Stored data
————

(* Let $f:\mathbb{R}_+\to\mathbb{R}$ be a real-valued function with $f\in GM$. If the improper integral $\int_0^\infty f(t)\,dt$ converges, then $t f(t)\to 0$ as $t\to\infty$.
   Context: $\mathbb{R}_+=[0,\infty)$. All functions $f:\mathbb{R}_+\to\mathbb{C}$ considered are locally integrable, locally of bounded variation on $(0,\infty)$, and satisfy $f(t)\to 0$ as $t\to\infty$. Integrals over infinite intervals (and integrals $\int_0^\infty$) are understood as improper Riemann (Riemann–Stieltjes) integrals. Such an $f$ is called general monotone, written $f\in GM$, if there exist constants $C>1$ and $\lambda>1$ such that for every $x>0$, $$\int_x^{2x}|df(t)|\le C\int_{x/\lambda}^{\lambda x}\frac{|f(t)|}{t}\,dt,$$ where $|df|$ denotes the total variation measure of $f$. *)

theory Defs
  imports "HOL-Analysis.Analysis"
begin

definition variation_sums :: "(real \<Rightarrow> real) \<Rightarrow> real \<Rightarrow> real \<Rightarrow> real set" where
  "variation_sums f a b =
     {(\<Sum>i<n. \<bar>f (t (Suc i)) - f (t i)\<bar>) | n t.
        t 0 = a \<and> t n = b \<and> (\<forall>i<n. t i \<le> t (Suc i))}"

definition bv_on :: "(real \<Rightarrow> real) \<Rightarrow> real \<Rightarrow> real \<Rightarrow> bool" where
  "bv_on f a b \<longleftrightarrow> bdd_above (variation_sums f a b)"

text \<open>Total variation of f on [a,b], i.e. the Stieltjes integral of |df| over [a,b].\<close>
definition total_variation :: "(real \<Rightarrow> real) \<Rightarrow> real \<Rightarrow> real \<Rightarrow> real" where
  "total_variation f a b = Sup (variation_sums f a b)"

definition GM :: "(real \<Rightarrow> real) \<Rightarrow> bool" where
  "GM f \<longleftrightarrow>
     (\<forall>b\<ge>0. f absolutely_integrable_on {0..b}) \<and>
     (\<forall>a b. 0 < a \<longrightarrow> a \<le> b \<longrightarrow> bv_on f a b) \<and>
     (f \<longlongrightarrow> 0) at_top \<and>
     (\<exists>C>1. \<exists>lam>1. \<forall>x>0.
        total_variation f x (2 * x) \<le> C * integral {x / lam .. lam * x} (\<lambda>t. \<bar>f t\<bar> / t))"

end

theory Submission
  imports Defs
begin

————

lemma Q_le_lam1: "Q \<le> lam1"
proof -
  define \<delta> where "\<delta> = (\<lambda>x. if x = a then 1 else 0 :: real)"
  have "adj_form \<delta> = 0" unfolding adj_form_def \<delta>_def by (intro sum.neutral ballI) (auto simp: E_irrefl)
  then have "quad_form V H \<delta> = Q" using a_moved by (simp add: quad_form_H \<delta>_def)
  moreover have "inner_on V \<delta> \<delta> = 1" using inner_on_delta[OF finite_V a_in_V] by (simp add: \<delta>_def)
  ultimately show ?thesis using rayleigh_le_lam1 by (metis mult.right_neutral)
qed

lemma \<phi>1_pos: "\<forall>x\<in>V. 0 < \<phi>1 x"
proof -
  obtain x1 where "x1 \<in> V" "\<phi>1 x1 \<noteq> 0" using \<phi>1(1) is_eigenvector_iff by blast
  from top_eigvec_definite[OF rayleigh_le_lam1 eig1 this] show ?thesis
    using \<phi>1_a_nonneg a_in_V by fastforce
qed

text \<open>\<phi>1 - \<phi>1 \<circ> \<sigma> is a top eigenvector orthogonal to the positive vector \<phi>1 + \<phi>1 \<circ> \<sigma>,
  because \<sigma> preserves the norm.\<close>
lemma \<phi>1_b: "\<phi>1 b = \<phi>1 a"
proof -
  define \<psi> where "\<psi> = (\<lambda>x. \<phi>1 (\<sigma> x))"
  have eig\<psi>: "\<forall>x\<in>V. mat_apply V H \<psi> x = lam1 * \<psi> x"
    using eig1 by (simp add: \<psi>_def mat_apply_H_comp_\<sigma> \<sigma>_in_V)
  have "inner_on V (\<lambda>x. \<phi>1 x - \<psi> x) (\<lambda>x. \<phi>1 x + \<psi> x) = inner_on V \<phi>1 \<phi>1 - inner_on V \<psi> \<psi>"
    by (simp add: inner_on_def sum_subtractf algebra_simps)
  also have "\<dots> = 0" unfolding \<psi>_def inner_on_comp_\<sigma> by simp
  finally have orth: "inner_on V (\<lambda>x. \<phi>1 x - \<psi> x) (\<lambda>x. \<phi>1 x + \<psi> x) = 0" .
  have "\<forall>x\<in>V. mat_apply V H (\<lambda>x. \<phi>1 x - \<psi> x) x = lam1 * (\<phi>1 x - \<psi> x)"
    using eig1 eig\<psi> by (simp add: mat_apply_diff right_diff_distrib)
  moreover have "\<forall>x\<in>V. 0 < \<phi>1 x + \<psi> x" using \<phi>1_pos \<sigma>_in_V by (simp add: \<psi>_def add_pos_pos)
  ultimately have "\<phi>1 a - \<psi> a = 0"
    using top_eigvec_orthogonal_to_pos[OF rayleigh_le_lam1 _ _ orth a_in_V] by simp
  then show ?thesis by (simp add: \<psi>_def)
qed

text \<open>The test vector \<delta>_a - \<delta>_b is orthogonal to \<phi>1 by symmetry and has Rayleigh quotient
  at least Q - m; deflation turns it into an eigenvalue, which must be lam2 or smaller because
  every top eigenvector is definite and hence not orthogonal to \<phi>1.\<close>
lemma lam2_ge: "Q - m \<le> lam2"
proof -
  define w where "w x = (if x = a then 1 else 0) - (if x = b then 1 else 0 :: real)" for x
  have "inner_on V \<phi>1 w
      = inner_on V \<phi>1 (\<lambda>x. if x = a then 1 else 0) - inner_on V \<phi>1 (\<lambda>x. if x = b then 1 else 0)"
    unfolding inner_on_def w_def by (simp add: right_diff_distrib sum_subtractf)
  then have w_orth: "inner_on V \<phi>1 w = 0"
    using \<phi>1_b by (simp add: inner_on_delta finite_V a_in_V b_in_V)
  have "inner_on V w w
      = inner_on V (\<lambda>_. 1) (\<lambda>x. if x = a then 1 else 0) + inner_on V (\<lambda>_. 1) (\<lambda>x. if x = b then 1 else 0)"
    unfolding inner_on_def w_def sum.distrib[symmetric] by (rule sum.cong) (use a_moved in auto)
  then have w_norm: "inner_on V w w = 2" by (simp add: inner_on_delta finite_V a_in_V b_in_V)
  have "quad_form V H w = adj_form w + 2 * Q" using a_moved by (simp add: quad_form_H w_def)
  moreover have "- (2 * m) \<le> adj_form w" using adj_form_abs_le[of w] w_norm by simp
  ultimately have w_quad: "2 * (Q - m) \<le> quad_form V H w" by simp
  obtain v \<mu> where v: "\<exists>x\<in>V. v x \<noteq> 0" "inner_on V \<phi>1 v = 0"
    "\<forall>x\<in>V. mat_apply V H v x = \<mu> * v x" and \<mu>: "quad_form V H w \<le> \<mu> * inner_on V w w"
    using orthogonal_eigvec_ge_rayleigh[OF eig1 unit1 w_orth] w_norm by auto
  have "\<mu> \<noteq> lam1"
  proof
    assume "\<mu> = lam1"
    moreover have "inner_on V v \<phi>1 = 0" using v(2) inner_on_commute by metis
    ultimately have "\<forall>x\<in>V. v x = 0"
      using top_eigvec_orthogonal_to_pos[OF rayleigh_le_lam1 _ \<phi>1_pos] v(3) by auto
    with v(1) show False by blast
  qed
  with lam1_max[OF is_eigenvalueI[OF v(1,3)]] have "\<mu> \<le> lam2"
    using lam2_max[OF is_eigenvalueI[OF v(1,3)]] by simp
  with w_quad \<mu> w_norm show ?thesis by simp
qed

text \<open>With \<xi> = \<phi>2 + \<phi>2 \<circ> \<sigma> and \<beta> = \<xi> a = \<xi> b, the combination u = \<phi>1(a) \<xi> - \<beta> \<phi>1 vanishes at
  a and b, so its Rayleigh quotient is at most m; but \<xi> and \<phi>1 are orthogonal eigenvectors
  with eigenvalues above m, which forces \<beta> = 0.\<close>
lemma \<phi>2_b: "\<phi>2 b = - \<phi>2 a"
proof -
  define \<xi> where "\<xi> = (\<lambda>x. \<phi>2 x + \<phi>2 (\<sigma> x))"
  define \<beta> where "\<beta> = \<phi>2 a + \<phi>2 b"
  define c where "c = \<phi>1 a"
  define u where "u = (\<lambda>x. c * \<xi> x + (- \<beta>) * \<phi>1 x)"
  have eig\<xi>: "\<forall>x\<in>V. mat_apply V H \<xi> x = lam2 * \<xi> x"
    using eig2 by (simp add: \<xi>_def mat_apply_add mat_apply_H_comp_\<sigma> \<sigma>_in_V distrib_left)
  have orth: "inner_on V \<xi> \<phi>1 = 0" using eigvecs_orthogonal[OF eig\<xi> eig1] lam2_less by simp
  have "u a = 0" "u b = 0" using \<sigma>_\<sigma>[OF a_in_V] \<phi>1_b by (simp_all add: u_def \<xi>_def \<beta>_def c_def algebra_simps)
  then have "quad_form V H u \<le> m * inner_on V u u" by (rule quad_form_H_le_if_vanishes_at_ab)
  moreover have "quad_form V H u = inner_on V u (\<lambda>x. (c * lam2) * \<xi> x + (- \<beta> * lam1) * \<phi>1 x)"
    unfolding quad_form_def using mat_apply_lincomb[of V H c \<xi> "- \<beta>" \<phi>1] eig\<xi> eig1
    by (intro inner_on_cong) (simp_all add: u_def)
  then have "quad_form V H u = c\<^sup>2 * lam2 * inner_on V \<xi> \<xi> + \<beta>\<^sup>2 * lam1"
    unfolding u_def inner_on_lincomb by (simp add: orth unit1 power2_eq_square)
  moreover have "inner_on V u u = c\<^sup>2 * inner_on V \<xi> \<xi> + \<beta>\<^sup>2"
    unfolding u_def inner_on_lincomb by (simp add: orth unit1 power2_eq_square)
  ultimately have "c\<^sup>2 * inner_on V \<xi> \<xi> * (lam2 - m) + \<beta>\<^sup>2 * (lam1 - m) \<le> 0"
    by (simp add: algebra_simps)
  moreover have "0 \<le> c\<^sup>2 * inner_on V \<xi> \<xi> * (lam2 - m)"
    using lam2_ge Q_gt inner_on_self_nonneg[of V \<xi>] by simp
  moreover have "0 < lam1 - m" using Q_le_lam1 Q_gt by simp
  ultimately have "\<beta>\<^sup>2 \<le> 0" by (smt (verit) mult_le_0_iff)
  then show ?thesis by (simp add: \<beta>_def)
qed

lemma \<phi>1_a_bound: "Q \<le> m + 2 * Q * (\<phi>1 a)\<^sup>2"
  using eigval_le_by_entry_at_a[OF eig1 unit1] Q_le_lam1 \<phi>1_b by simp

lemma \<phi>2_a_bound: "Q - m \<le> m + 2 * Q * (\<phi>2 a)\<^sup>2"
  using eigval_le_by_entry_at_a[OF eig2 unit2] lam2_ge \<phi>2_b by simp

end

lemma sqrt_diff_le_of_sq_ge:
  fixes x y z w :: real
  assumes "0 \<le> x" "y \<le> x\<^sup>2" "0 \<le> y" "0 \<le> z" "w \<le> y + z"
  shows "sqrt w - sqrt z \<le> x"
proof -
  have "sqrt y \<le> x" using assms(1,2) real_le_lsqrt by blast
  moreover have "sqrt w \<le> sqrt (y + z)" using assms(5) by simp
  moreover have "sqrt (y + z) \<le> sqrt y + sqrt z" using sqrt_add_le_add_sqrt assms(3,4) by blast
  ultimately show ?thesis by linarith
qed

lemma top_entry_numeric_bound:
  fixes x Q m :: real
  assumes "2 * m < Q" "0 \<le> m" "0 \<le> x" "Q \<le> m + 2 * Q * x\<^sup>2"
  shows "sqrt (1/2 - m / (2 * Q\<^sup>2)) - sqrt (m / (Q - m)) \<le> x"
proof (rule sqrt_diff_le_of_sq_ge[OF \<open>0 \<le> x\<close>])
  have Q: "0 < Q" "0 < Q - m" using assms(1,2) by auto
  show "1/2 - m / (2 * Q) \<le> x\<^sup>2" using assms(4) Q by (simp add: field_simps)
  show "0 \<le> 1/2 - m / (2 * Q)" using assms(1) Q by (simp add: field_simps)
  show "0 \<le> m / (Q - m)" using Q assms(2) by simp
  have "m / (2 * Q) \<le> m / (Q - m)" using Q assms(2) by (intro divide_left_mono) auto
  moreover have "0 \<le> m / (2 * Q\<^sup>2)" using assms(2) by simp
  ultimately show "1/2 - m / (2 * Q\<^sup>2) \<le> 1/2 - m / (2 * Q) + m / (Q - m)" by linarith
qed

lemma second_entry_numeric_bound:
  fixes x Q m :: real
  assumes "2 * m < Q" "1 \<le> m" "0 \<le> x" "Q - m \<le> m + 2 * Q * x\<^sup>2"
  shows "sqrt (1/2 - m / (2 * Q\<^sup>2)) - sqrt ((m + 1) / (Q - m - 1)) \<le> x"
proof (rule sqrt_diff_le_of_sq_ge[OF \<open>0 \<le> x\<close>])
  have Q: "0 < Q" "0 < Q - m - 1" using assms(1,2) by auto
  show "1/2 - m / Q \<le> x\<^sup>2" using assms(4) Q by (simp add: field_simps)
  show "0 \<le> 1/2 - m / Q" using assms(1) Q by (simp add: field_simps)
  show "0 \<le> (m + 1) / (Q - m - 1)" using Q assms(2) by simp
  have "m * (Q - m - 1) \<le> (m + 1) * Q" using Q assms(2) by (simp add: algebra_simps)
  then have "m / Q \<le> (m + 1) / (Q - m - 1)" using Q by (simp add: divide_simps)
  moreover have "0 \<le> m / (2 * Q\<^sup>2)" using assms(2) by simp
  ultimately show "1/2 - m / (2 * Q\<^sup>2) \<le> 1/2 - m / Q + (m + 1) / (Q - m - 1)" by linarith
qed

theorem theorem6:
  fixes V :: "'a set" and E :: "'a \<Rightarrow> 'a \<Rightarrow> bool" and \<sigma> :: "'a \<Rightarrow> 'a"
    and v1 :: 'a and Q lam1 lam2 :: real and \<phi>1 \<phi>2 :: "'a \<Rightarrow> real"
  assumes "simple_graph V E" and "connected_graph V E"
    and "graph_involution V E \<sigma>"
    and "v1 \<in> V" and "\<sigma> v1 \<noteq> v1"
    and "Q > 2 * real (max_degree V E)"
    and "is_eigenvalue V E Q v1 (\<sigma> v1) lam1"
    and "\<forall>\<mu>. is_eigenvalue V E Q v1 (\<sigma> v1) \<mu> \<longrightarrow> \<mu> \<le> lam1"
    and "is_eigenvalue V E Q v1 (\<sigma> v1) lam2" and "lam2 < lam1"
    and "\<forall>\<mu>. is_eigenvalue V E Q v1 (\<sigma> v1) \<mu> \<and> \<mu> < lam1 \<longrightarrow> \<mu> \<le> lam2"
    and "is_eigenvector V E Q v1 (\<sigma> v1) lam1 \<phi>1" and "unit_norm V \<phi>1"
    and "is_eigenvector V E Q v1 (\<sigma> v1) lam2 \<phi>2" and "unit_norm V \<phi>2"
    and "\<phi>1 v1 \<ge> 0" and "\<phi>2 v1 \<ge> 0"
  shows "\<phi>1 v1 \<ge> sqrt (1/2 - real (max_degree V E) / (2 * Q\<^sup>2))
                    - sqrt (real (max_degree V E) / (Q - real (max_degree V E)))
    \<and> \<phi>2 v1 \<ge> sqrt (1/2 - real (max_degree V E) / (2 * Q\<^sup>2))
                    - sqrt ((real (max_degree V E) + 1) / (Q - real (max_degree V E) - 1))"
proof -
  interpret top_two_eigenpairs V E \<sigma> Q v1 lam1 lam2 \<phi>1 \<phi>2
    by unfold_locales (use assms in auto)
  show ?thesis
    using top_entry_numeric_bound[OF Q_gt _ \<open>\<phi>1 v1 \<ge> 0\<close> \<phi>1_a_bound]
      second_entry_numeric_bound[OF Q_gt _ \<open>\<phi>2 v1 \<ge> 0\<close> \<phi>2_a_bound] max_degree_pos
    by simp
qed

————

**Your objective:** Retype exactly, and only, the lines above from the one where "Q\<^sup>2) \<le> 1/2 - m / Q" occurs up to and including the one where "v1) \<mu> \<and>" occurs.

**Finished exercise:**
  ultimately show "1/2 - m / (2 * Q\<^sup>2) \<le> 1/2 - m / Q + (m + 1) / (Q - m - 1)" by linarith
qed

theorem theorem6:
  fixes V :: "'a set" and E :: "'a \<Rightarrow> 'a \<Rightarrow> bool" and \<sigma> :: "'a \<Rightarrow> 'a"
    and v1 :: 'a and Q lam1 lam2 :: real and \<phi>1 \<phi>2 :: "'a \<Rightarrow> real"
  assumes "simple_graph V E" and "connected_graph V E"
    and "graph_involution V E \<sigma>"
    and "v1 \<in> V" and "\<sigma> v1 \<noteq> v1"
    and "Q > 2 * real (max_degree V E)"
    and "is_eigenvalue V E Q v1 (\<sigma> v1) lam1"
    and "\<forall>\<mu>. is_eigenvalue V E Q v1 (\<sigma> v1) \<mu> \<longrightarrow> \<mu> \<le> lam1"
    and "is_eigenvalue V E Q v1 (\<sigma> v1) lam2" and "lam2 < lam1"
    and "\<forall>\<mu>. is_eigenvalue V E Q v1 (\<sigma> v1) \<mu> \<and> \<mu> < lam1 \<longrightarrow> \<mu> \<le> lam2"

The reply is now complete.